> _Exercise goal_:
Lines from the one containing "E_K(t) = (2t+1)" through the final line of the records are the only ones to copy, and each must match exactly.

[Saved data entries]
(* For every integer $t\ge1$, $$-\frac{1}{8t^2}<\frac{S_1(t)}{(-1)^t\binom{-3/2}{t}}-\frac{(-1)^t}{\binom{-3/2}{t}}\bigl(\cosh\alpha-1\bigr)+\frac{\alpha\sinh\alpha}{2t}<\frac{13}{25t^2}.$$
   Context: $\alpha=\pi/6$. $(a)_m=a(a+1)\cdots(a+m-1)$ is the rising factorial ($(a)_0=1$); $\binom{x}{m}=x(x-1)\cdots(x-m+1)/m!$. For $t\ge0$, $$S_1(t)=\sum_{s=1}^t\frac{(-1)^s(1/2-s)_{s+1}}{s}\sum_{u=1}^s\frac{(-1)^u(-s)_u}{(s+u)!\,(2u-1)!}\left(\frac{\pi^2}{36}\right)^u.$$ *)

theory Defs
  imports "HOL-Analysis.Analysis"
begin

definition alpha :: real where "alpha = pi / 6"

definition S1 :: "nat \<Rightarrow> real" where
  "S1 t = (\<Sum>s=1..t. ((-1)^s * pochhammer (1/2 - real s) (s+1) / real s) *
      (\<Sum>u=1..s. (-1)^u * pochhammer (- real s) u / (fact (s+u) * fact (2*u-1)) * (pi^2/36)^u))"

end

theory Submission
  imports Defs
begin

(*
  Write b_s = (1/2)_s / s! = C(2s,s)/4^s, q_s(u) = s!^2/((s-u)!(s+u)!) and
  c_u = alpha^(2u)/(2u-1)!.  The s-th summand of S1 is b_s J_s/(2s) with
  J_s = sum_u q_s(u) c_u.  Summation by parts gives
  sum_{s<=t} b_s q_s(u)/s = (1 - R_t(u))/u with 0 <= R_t(u) <= 2u b_t, so S1(t) tends to
  sum_u c_u/(2u) = cosh alpha - 1.  As (2t+1) b_t = (-1)^t C(-3/2,t), the claim says that
  S1(t) - (cosh alpha - 1) lies strictly between the envelopes
  E_K(t) = (2t+1) b_t (-alpha sinh alpha/(2t) + K/t^2) for K = -1/8 and K = 13/25.
  All three sequences tend to 0, so it suffices to compare their increments; this is a
  polynomial inequality in t once alpha sinh alpha - 2/(5s) <= J_s <= alpha sinh alpha,
  which follows from q_s(u) >= 1 - u^2/s and alpha^2 <= 2/7.
*)

lemma sum_atLeastLessThan_add_2: "sum g {m..<m+2} = g m + g (Suc m)"
  by (simp add: numeral_2_eq_2)

lemma sums_sinh_odd: "(\<lambda>n. x ^ (2 * n + 1) / fact (2 * n + 1)) sums sinh (x::real)"
proof -
  have "(\<lambda>n. \<Sum>i\<in>{n*2..<n*2+2}. if even i then 0 else x ^ i /\<^sub>R fact i) sums sinh x"
    using sinh_converges by (rule sums_group) simp
  moreover have "(\<Sum>i\<in>{n*2..<n*2+2}. if even i then 0 else x ^ i /\<^sub>R fact i)
      = x ^ (2 * n + 1) / fact (2 * n + 1)" for n
    unfolding sum_atLeastLessThan_add_2 by (simp add: mult.commute divide_inverse)
  ultimately show ?thesis by simp
qed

> _Result of this task_:
  E_K(t) = (2t+1) b_t (-alpha sinh alpha/(2t) + K/t^2) for K = -1/8 and K = 13/25.
  All three sequences tend to 0, so it suffices to compare their increments; this is a
  polynomial inequality in t once alpha sinh alpha - 2/(5s) <= J_s <= alpha sinh alpha,
  which follows from q_s(u) >= 1 - u^2/s and alpha^2 <= 2/7.
*)

lemma sum_atLeastLessThan_add_2: "sum g {m..<m+2} = g m + g (Suc m)"
  by (simp add: numeral_2_eq_2)

lemma sums_sinh_odd: "(\<lambda>n. x ^ (2 * n + 1) / fact (2 * n + 1)) sums sinh (x::real)"
proof -
  have "(\<lambda>n. \<Sum>i\<in>{n*2..<n*2+2}. if even i then 0 else x ^ i /\<^sub>R fact i) sums sinh x"
    using sinh_converges by (rule sums_group) simp
  moreover have "(\<Sum>i\<in>{n*2..<n*2+2}. if even i then 0 else x ^ i /\<^sub>R fact i)
      = x ^ (2 * n + 1) / fact (2 * n + 1)" for n
    unfolding sum_atLeastLessThan_add_2 by (simp add: mult.commute divide_inverse)
  ultimately show ?thesis by simp
qed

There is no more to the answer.